### Activity
Where does the word "omega" appear in the data? Copy every line that holds it.

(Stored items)
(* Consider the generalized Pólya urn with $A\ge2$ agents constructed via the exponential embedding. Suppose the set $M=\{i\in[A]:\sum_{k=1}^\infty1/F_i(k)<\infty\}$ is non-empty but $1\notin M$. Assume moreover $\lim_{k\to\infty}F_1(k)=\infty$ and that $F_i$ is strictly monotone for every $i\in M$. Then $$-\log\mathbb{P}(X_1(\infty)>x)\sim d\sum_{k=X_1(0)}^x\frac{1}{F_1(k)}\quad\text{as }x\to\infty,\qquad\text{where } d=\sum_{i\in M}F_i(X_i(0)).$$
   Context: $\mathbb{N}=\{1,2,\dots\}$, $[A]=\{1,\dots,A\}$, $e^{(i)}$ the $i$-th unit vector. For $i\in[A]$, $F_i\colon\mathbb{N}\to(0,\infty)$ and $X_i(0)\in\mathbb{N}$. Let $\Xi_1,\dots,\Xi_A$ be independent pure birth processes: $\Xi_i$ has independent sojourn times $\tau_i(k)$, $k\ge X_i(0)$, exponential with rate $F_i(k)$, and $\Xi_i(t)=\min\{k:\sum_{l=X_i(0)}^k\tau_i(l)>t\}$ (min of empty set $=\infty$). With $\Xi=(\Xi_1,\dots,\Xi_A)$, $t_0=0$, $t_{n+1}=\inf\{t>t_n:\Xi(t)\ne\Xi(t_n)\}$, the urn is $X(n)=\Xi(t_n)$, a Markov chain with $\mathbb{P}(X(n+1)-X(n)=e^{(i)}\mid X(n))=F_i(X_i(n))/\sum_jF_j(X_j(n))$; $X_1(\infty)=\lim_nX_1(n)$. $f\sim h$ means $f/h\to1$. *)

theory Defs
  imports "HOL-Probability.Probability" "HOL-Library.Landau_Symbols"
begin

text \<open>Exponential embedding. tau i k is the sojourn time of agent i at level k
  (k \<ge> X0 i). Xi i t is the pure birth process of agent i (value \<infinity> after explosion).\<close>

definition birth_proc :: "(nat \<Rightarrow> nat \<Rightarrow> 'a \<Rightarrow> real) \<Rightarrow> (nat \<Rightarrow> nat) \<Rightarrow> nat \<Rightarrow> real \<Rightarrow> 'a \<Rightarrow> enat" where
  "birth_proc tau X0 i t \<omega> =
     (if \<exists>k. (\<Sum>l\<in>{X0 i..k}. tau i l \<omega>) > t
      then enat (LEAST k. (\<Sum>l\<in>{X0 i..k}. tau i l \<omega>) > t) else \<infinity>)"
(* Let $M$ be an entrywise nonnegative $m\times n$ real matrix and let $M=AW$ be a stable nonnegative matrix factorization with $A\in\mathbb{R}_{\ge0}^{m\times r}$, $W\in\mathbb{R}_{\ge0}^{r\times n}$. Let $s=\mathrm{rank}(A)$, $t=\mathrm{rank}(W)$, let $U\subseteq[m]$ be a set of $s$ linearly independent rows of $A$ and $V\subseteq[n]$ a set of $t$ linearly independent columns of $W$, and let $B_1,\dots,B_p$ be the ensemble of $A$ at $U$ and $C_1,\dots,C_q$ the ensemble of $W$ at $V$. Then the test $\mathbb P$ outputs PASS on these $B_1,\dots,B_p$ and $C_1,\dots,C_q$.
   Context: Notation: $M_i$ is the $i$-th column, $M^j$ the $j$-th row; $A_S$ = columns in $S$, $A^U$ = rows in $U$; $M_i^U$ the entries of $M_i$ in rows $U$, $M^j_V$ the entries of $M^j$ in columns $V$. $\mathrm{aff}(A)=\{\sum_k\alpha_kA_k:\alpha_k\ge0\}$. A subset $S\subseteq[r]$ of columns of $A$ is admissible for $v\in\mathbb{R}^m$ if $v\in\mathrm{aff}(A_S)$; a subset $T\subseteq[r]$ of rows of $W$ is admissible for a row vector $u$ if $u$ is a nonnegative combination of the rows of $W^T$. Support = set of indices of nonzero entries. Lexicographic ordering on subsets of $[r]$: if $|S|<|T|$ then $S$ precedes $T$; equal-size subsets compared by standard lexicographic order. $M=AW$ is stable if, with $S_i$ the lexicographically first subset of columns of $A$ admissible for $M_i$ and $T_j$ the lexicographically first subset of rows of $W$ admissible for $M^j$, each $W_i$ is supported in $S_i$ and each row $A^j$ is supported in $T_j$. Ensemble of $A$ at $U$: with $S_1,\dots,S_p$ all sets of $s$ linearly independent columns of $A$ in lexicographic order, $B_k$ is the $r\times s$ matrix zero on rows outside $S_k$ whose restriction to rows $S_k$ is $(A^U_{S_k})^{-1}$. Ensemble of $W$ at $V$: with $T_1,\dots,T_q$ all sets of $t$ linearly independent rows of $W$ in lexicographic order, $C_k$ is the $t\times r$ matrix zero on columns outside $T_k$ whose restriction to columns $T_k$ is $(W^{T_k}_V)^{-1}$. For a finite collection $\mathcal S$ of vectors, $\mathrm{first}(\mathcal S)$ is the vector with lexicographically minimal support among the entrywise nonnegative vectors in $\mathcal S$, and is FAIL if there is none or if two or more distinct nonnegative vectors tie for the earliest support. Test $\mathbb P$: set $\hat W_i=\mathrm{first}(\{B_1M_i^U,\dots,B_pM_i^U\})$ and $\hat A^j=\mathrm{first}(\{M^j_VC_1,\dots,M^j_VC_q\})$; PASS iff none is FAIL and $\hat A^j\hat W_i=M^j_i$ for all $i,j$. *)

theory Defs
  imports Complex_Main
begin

### Output
  "birth_proc tau X0 i t \<omega> =
     (if \<exists>k. (\<Sum>l\<in>{X0 i..k}. tau i l \<omega>) > t
      then enat (LEAST k. (\<Sum>l\<in>{X0 i..k}. tau i l \<omega>) > t) else \<infinity>)"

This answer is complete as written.